The reunion sequence is a tour de force of behavioral comedy. Charlie loses his tight-laced rigidity on the dance floor, and Audrey recognizes that her stand-in surrogate husband has won her heart. At this point, the tone of the narrative takes an unexpected left turn when the duo encounter Audrey’s husband, recently released ex-con Ray Sinclair (Ray Liotta). Charlie has fallen in love with his wayward abductor, and when Ray takes her away, the chivalric protagonist is forced to violently win her back. The light-hearted tone of the picture darkens considerably from here on and becomes disturbingly violent when the two men struggle at knife-point in their final confrontation. What began in jest ends in tragedy. Charlie cannot be reunited with Audrey without suffering in the process and being forced to live with killing Ray.
When Something Wild first appeared fifteen years ago, the rapid-fire switches of tone and tempo Demme engineered seemed to be playing emotional hopscotch with the audience’s expectations. Compared to David Lynch’s nightmarish Blue Velvet, released the same year, Demme’s descent into chaos lacked depth or conviction. The notion of a yuppie-turned-vigilante came across as a simple-minded conceit. However, over the ensuing years, Demme’s investment in his characters and skillful direction of his players have gained in weight, while Lynch’s exercise in post-modernist irony less convincingly engages the emotions. Something Wild‘s two leads in particular, Griffith and Daniels, have rarely been as good. Griffith’s kewpie-doll sexuality has subsequently succumbed to caricature, but in Something Wild it is evocative and engaging. Daniels’s everyman persona has seemed too often to be an excuse for blandness, but Charlie’s transformation from feckless urbanite to committed romantic is convincing and compelling. Charlie’s experience as a fish-out-of-water unhinges his customary expectations, and Demme allows that process of transformation to be both comic and dramatic. In addition, the director is never hesitant to sprinkle his involved narrative with delightful details that come out of left field. As the protagonists cross the back roads of the country, Demme creates the sense of a crazy quilt of individuals operating on their own wavelengths, like Tracy Walter’s anglophile liquor store owner, and the black cowboy (The Texas Kid) to whom Charlie and Audrey give a lift.
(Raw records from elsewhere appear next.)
(* Let $\Omega=(0,l_x)\times(0,l_y)\times(0,l_z)$ be discretized by cubic cells of side $h=l_x/N_x=l_y/N_y=l_z/N_z$ with cell centers $(x_i,y_j,z_k)=((i-\tfrac12)h,(j-\tfrac12)h,(k-\tfrac12)h)$, $1\le i\le N_x$, $1\le j\le N_y$, $1\le k\le N_z$. Let $\epsilon>0$, $S>0$, $\Delta t>0$, $F(\phi)=\frac14(\phi^2-1)^2$, and let $g_{ijk}\ge 0$ be given grid values (in the paper $g_{ijk}=g(\mathbf{x}_{ijk})$ with $g=1-\phi_0^2+\lambda\ge\lambda>0$). Let $n\ge1$ and let grid functions $\phi^{n-1},\phi^n$ be given; set $\phi^*=\frac32\phi^n-\frac12\phi^{n-1}$. Suppose grid functions $\phi^{n+1},\mu^{n+\frac12}$ and a real number $Q^{n+\frac12}$ satisfy, for all $i,j,k$, $$\frac{\phi^{n+1}_{ijk}-\phi^n_{ijk}}{\Delta t}=-g_{ijk}\mu^{n+\frac12}_{ijk},$$ $$\mu^{n+\frac12}_{ijk}=Q^{n+\frac12}\frac{F'(\phi^*_{ijk})}{\epsilon^2}-\Delta_d\Big(\frac{\phi^{n+1}_{ijk}+\phi^n_{ijk}}{2}\Big)+S\Big(\frac{\phi^{n+1}_{ijk}+\phi^n_{ijk}}{2}-\phi^*_{ijk}\Big),$$ $$\big(F(\phi^{n+1})-F(\phi^n),\mathbf{1}\big)_h=Q^{n+\frac12}\big(F'(\phi^* ),\phi^{n+1}-\phi^n\big)_h,$$ where all grid functions satisfy the discrete homogeneous Neumann conditions described in the context. Then $$\frac{1}{\epsilon^2}\big(F(\phi^{n+1})-F(\phi^n),\mathbf{1}\big)_h+\frac12\big(\|\nabla_d\phi^{n+1}\|_e^2-\|\nabla_d\phi^n\|_e^2\big)+\frac S4\big(\|\phi^{n+1}-\phi^n\|_h^2-\|\phi^n-\phi^{n-1}\|_h^2\big)$$ $$=-\Delta t\,\|\sqrt{g}\,\mu^{n+\frac12}\|_h^2-\frac S4\|\phi^{n+1}-2\phi^n+\phi^{n-1}\|_h^2\le 0,$$ and consequently the discrete energy $$\tilde E(\phi^{n+1},\phi^n):=\frac{1}{\epsilon^2}\big(F(\phi^{n+1}),\mathbf{1}\big)_h+\frac12\|\nabla_d\phi^{n+1}\|_e^2+\frac S4\|\phi^{n+1}-\phi^n\|_h^2$$ satisfies $\tilde E(\phi^{n+1},\phi^n)\le\tilde E(\phi^n,\phi^{n-1})$ (unconditional energy stability, for any $\Delta t>0$).
   Context: Discrete Neumann conditions (ghost values): $\phi_{0,jk}=\phi_{1,jk}$, $\phi_{N_x+1,jk}=\phi_{N_x,jk}$, $\phi_{i,0,k}=\phi_{i,1,k}$, $\phi_{i,N_y+1,k}=\phi_{i,N_y,k}$, $\phi_{ij,0}=\phi_{ij,1}$, $\phi_{ij,N_z+1}=\phi_{ij,N_z}$, and likewise for $\mu$. The discrete Laplacian is $\Delta_d\phi_{ijk}=(\phi_{i+1,jk}+\phi_{i-1,jk}+\phi_{i,j+1,k}+\phi_{i,j-1,k}+\phi_{ij,k+1}+\phi_{ij,k-1}-6\phi_{ijk})/h^2$. Inner products: $(\phi,\psi)_h=h^3\sum_{i=1}^{N_x}\sum_{j=1}^{N_y}\sum_{k=1}^{N_z}\phi_{ijk}\psi_{ijk}$, $\|\phi\|_h^2=(\phi,\phi)_h$, $\mathbf{1}$ is the grid function identically $1$, and $\sqrt{g}\mu$ denotes the grid function $\sqrt{g_{ijk}}\mu_{ijk}$. With $D_x\phi_{i+\frac12,jk}=(\phi_{i+1,jk}-\phi_{ijk})/h$ and analogously $D_y,D_z$, $(\nabla_d\phi,\nabla_d\psi)_e=h^3\big(\sum_{i=0}^{N_x}\sum_{j=1}^{N_y}\sum_{k=1}^{N_z}D_x\phi_{i+\frac12,jk}D_x\psi_{i+\frac12,jk}+\sum_{i=1}^{N_x}\sum_{j=0}^{N_y}\sum_{k=1}^{N_z}D_y\phi_{i,j+\frac12,k}D_y\psi_{i,j+\frac12,k}+\sum_{i=1}^{N_x}\sum_{j=1}^{N_y}\sum_{k=0}^{N_z}D_z\phi_{ij,k+\frac12}D_z\psi_{ij,k+\frac12}\big)$, and $\|\nabla_d\phi\|_e^2=(\nabla_d\phi,\nabla_d\phi)_e$. *)

theory Defs
  imports Complex_Main
begin

text \<open>Grid functions on the cell-centred grid, including ghost layers:
  indices 0 and N+1 are ghost cells, 1..N are interior cells.\<close>
type_synonym grid = "nat \<Rightarrow> nat \<Rightarrow> nat \<Rightarrow> real"

definition F :: "real \<Rightarrow> real" where
  "F x = (x^2 - 1)^2 / 4"

definition dF :: "real \<Rightarrow> real" where
  "dF x = x^3 - x"

definition neumann :: "nat \<Rightarrow> nat \<Rightarrow> nat \<Rightarrow> grid \<Rightarrow> bool" where
  "neumann Nx Ny Nz \<phi> \<longleftrightarrow>
     (\<forall>j\<in>{1..Ny}. \<forall>k\<in>{1..Nz}. \<phi> 0 j k = \<phi> 1 j k \<and> \<phi> (Nx+1) j k = \<phi> Nx j k) \<and>
     (\<forall>i\<in>{1..Nx}. \<forall>k\<in>{1..Nz}. \<phi> i 0 k = \<phi> i 1 k \<and> \<phi> i (Ny+1) k = \<phi> i Ny k) \<and>
     (\<forall>i\<in>{1..Nx}. \<forall>j\<in>{1..Ny}. \<phi> i j 0 = \<phi> i j 1 \<and> \<phi> i j (Nz+1) = \<phi> i j Nz)"

definition lap_d :: "real \<Rightarrow> grid \<Rightarrow> nat \<Rightarrow> nat \<Rightarrow> nat \<Rightarrow> real" where
  "lap_d h \<phi> i j k =
     (\<phi> (i+1) j k + \<phi> (i-1) j k + \<phi> i (j+1) k + \<phi> i (j-1) k
      + \<phi> i j (k+1) + \<phi> i j (k-1) - 6 * \<phi> i j k) / h^2"

definition inner_h :: "nat \<Rightarrow> nat \<Rightarrow> nat \<Rightarrow> real \<Rightarrow> grid \<Rightarrow> grid \<Rightarrow> real" where
  "inner_h Nx Ny Nz h \<phi> \<psi> =
     h^3 * (\<Sum>i=1..Nx. \<Sum>j=1..Ny. \<Sum>k=1..Nz. \<phi> i j k * \<psi> i j k)"

definition norm_h :: "nat \<Rightarrow> nat \<Rightarrow> nat \<Rightarrow> real \<Rightarrow> grid \<Rightarrow> real" where
  "norm_h Nx Ny Nz h \<phi> = sqrt (inner_h Nx Ny Nz h \<phi> \<phi>)"
(* Consider the problem and algorithm AC2CD described in the context (including the additional requirement on $A^{k,i}$). For every stationary point $x^*$ and every inner iteration $(k,i)$, \[ g^{k,i}\bigl(x^*_{p^k_i}-z^{k,i+1}_{p^k_i}\bigr)\le \max\Bigl\{\frac1{A_l},\frac{L^{\max}}{2\delta(1-\gamma)}\Bigr\}\,\bigl|z^{k,i+1}_{p^k_i}-z^{k,i}_{p^k_i}\bigr|\,\bigl|x^*_{p^k_i}-z^{k,i+1}_{p^k_i}\bigr|. \]
   Context: Problem: minimize $f(x)$ subject to $e^T x = b$ and $l_i \le x_i \le u_i$ ($i=1,\dots,n$), where $n\ge 2$, $e$ is the all-ones vector, $b\in\mathbb{R}$, $l_i\in\mathbb{R}\cup\{-\infty\}$, $u_i\in\mathbb{R}\cup\{+\infty\}$, $l_i<u_i$, and $f:\mathbb{R}^n\to\mathbb{R}$ is continuously differentiable with $\nabla f$ Lipschitz continuous on $\mathbb{R}^n$. $\mathcal F$ is the feasible set, $e_i$ the $i$th unit vector. For $i\ne j$, $L_{i,j}>0$ are fixed constants such that for every $x\in\mathbb{R}^n$ and $s,t\in\mathbb{R}$, $|\nabla f(x+s(e_i-e_j))^T(e_i-e_j)-\nabla f(x+t(e_i-e_j))^T(e_i-e_j)|\le L_{i,j}|s-t|$; $L_{i,i}=0$; $L^{\max}=\max_{i,j}L_{i,j}$. For $x\in\mathcal F$, $D_h(x)=\min\{x_h-l_h,u_h-x_h\}$. A point $x^*\in\mathcal F$ is stationary iff there is $\lambda^*\in\mathbb{R}$ with $\nabla_i f(x^* )\ge\lambda^*$ if $x^*_i=l_i$, $=\lambda^*$ if $l_i<x^*_i<u_i$, $\le\lambda^*$ if $x^*_i=u_i$. Algorithm AC2CD with parameters $\tau\in(0,1]$, $\gamma,\delta\in(0,1)$, $0<A_l\le A_u<\infty$ and starting point $x^0\in\mathcal F$: for $k=0,1,2,\dots$: let $D^k=\max_h D_h(x^k)$; choose $j(k)$ with $D_{j(k)}(x^k)\ge\tau D^k$; choose a permutation $(p^k_1,\dots,p^k_n)$ of $\{1,\dots,n\}$; set $z^{k,1}=x^k$; for $i=1,\dots,n$ (inner iteration $(k,i)$): $g^{k,i}=\nabla_{j(k)}f(z^{k,i})-\nabla_{p^k_i}f(z^{k,i})$, $d^{k,i}=g^{k,i}(e_{p^k_i}-e_{j(k)})$; $\bar\alpha^{k,i}=\min\{u_{p^k_i}-z^{k,i}_{p^k_i},z^{k,i}_{j(k)}-l_{j(k)}\}/g^{k,i}$ if $g^{k,i}>0$, $=\min\{z^{k,i}_{p^k_i}-l_{p^k_i},u_{j(k)}-z^{k,i}_{j(k)}\}/|g^{k,i}|$ if $g^{k,i}<0$, $=0$ if $g^{k,i}=0$; choose $A^{k,i}\in[A_l,A_u]$, set $\Delta^{k,i}=\min\{\bar\alpha^{k,i},A^{k,i}\}$; starting from $\alpha=\Delta^{k,i}$, while $f(z^{k,i}+\alpha d^{k,i})>f(z^{k,i})+\gamma\alpha\nabla f(z^{k,i})^Td^{k,i}$ replace $\alpha$ by $\delta\alpha$; $\alpha^{k,i}$ is the final $\alpha$ and $z^{k,i+1}=z^{k,i}+\alpha^{k,i}d^{k,i}$. Then $x^{k+1}=z^{k,n+1}$. Additional requirement: the values $A^{k,i}\in[A_l,A_u]$ are chosen so that $l_{j(k)}<z^{k,i}_{j(k)}<u_{j(k)}$ for all $k\ge0$ and $i=1,\dots,n+1$. Standing assumptions: $\mathcal L_0=\{x\in\mathcal F: f(x)\le f(x^0)\}$ is nonempty and compact, and every $x\in\mathcal L_0$ has some index $i$ with $l_i<x_i<u_i$. *)

theory Defs
  imports "HOL-Analysis.Analysis"
begin

text \<open>Vectors of R^n are modelled as real^'n (index type 'n, n = CARD('n)).
  Bounds are extended reals: l i may be -\<infinity>, u i may be +\<infinity>.\<close>

definition feasible :: "('n::finite \<Rightarrow> ereal) \<Rightarrow> ('n \<Rightarrow> ereal) \<Rightarrow> real \<Rightarrow> real^'n \<Rightarrow> bool" where
  "feasible l u b x \<longleftrightarrow> (\<Sum>i\<in>UNIV. x $ i) = b \<and> (\<forall>i. l i \<le> ereal (x $ i) \<and> ereal (x $ i) \<le> u i)"

definition Dh :: "('n::finite \<Rightarrow> ereal) \<Rightarrow> ('n \<Rightarrow> ereal) \<Rightarrow> real^'n \<Rightarrow> 'n \<Rightarrow> ereal" where
  "Dh l u x h = min (ereal (x $ h) - l h) (u h - ereal (x $ h))"

definition stationary :: "('n::finite \<Rightarrow> ereal) \<Rightarrow> ('n \<Rightarrow> ereal) \<Rightarrow> real \<Rightarrow> (real^'n \<Rightarrow> real^'n) \<Rightarrow> real^'n \<Rightarrow> bool" where
  "stationary l u b grad xs \<longleftrightarrow> feasible l u b xs \<and>
     (\<exists>lam::real. \<forall>i.
        (ereal (xs $ i) = l i \<longrightarrow> grad xs $ i \<ge> lam) \<and>
        (l i < ereal (xs $ i) \<and> ereal (xs $ i) < u i \<longrightarrow> grad xs $ i = lam) \<and>
        (ereal (xs $ i) = u i \<longrightarrow> grad xs $ i \<le> lam))"

text \<open>Maximal feasible stepsize alpha-bar along d = g (e_p - e_j) from z.\<close>
definition alpha_bar :: "('n::finite \<Rightarrow> ereal) \<Rightarrow> ('n \<Rightarrow> ereal) \<Rightarrow> real^'n \<Rightarrow> 'n \<Rightarrow> 'n \<Rightarrow> real \<Rightarrow> ereal" where
  "alpha_bar l u z p j g =
     (if g > 0 then min (u p - ereal (z $ p)) (ereal (z $ j) - l j) / ereal g
      else if g < 0 then min (ereal (z $ p) - l p) (u j - ereal (z $ j)) / ereal \<bar>g\<bar>
      else 0)"

end

theory Submission
  imports Defs
begin

text \<open>Write z, z' for the inner iterates before and after the step along
  \<open>g (e\<^sub>p - e\<^sub>j)\<close> and \<alpha> for its length, so that \<open>z'\<^sub>p - z\<^sub>p = \<alpha> g\<close>. If
  \<open>g (x*\<^sub>p - z'\<^sub>p) \<le> 0\<close> there is nothing to prove. Otherwise \<open>x*\<^sub>p\<close> lies strictly
  beyond \<open>z'\<^sub>p\<close> in the direction in which coordinate p moved, so feasibility of x*
  (the only property of x* that is used) shows that \<alpha> stays strictly below the
  maximal feasible step. Hence either the first trial step \<open>\<Delta> = A \<ge> A\<^sub>l\<close> was
  accepted, or the rejected trial step \<open>\<alpha>/\<delta>\<close> violates the quadratic upper bound
  given by the directional Lipschitz constant \<open>L\<^sub>p\<^sub>j\<close>, which forces
  \<open>\<alpha> > 2\<delta>(1-\<gamma>)/L\<^sub>p\<^sub>j\<close>. In both cases \<open>max (1/A\<^sub>l) (L\<^sub>m\<^sub>a\<^sub>x/(2\<delta>(1-\<gamma>))) \<alpha> \<ge> 1\<close>.\<close>

lemma has_real_derivative_along_line:
  fixes f :: "'a::real_inner \<Rightarrow> real"
  assumes grad: "\<And>y. (f has_derivative (\<lambda>h. grad y \<bullet> h)) (at y)"
  shows "((\<lambda>r. f (z + r *\<^sub>R d)) has_real_derivative (grad (z + r *\<^sub>R d) \<bullet> d)) (at r)"
proof -
  have "((\<lambda>r. z + r *\<^sub>R d) has_derivative (\<lambda>h. h *\<^sub>R d)) (at r)"
    by (auto intro!: derivative_eq_intros)
  from has_derivative_compose[OF this grad]
  show ?thesis
    by (simp add: has_field_derivative_def mult.commute[of _ "grad _ \<bullet> d"])
qed

lemma descent_along_line:
  fixes f :: "'a::real_inner \<Rightarrow> real"
  assumes grad: "\<And>y. (f has_derivative (\<lambda>h. grad y \<bullet> h)) (at y)"
    and lip: "\<And>r. 0 \<le> r \<Longrightarrow> grad (z + r *\<^sub>R d) \<bullet> d - grad z \<bullet> d \<le> K * r"
    and t: "0 \<le> t"
  shows "f (z + t *\<^sub>R d) \<le> f z + t * (grad z \<bullet> d) + K / 2 * t\<^sup>2"
proof -
  define \<psi> where "\<psi> r = f (z + r *\<^sub>R d) - r * (grad z \<bullet> d) - K / 2 * r\<^sup>2" for r
  have "\<psi> t \<le> \<psi> 0"
  proof (rule DERIV_nonpos_imp_nonincreasing[OF t])
    fix r :: real
    assume "0 \<le> r" "r \<le> t"
    have "(\<psi> has_real_derivative (grad (z + r *\<^sub>R d) \<bullet> d - grad z \<bullet> d - K * r)) (at r)"
      unfolding \<psi>_def by (auto intro!: derivative_eq_intros has_real_derivative_along_line grad)
    with lip[OF \<open>0 \<le> r\<close>] show "\<exists>y. (\<psi> has_real_derivative y) (at r) \<and> y \<le> 0"
      by force
  qed
  then show ?thesis unfolding \<psi>_def by simp
qed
The music that accompanies their road trip is as diverse and diverting as the events it accompanies. Demme has traditionally paid close attention to his soundtracks, an unsurprising practice for the director of one of the best concert films, Stop Making Sense (1984). The Troggs’s rock ‘n’ roll warhorse “Wild Thing” plays throughout the film, most memorably under the final credits in a reggae version sung by Sister Carol. Background music is by John Cale, a founding member of the Velvet Underground, and Laurie Anderson. Playing at the high school reunion is the legendary new wave band The Feelies, who perform covers of “I’m A Believer” and “Fame,” in addition to their own idiosyncratic material.
In Something Wild, it never seems as though Demme is trying to call attention to his own eclecticism by the score or by his fusion of narrative forms. If anything, one feels that, like Lulu/Audrey does for Charlie, the director is taking himself, and the audience, for a wayward ride. Demme never loses sense of his destination and, more the point, is always willing to take a detour, convinced that something unexpected and exhilarating is available at the end of the road.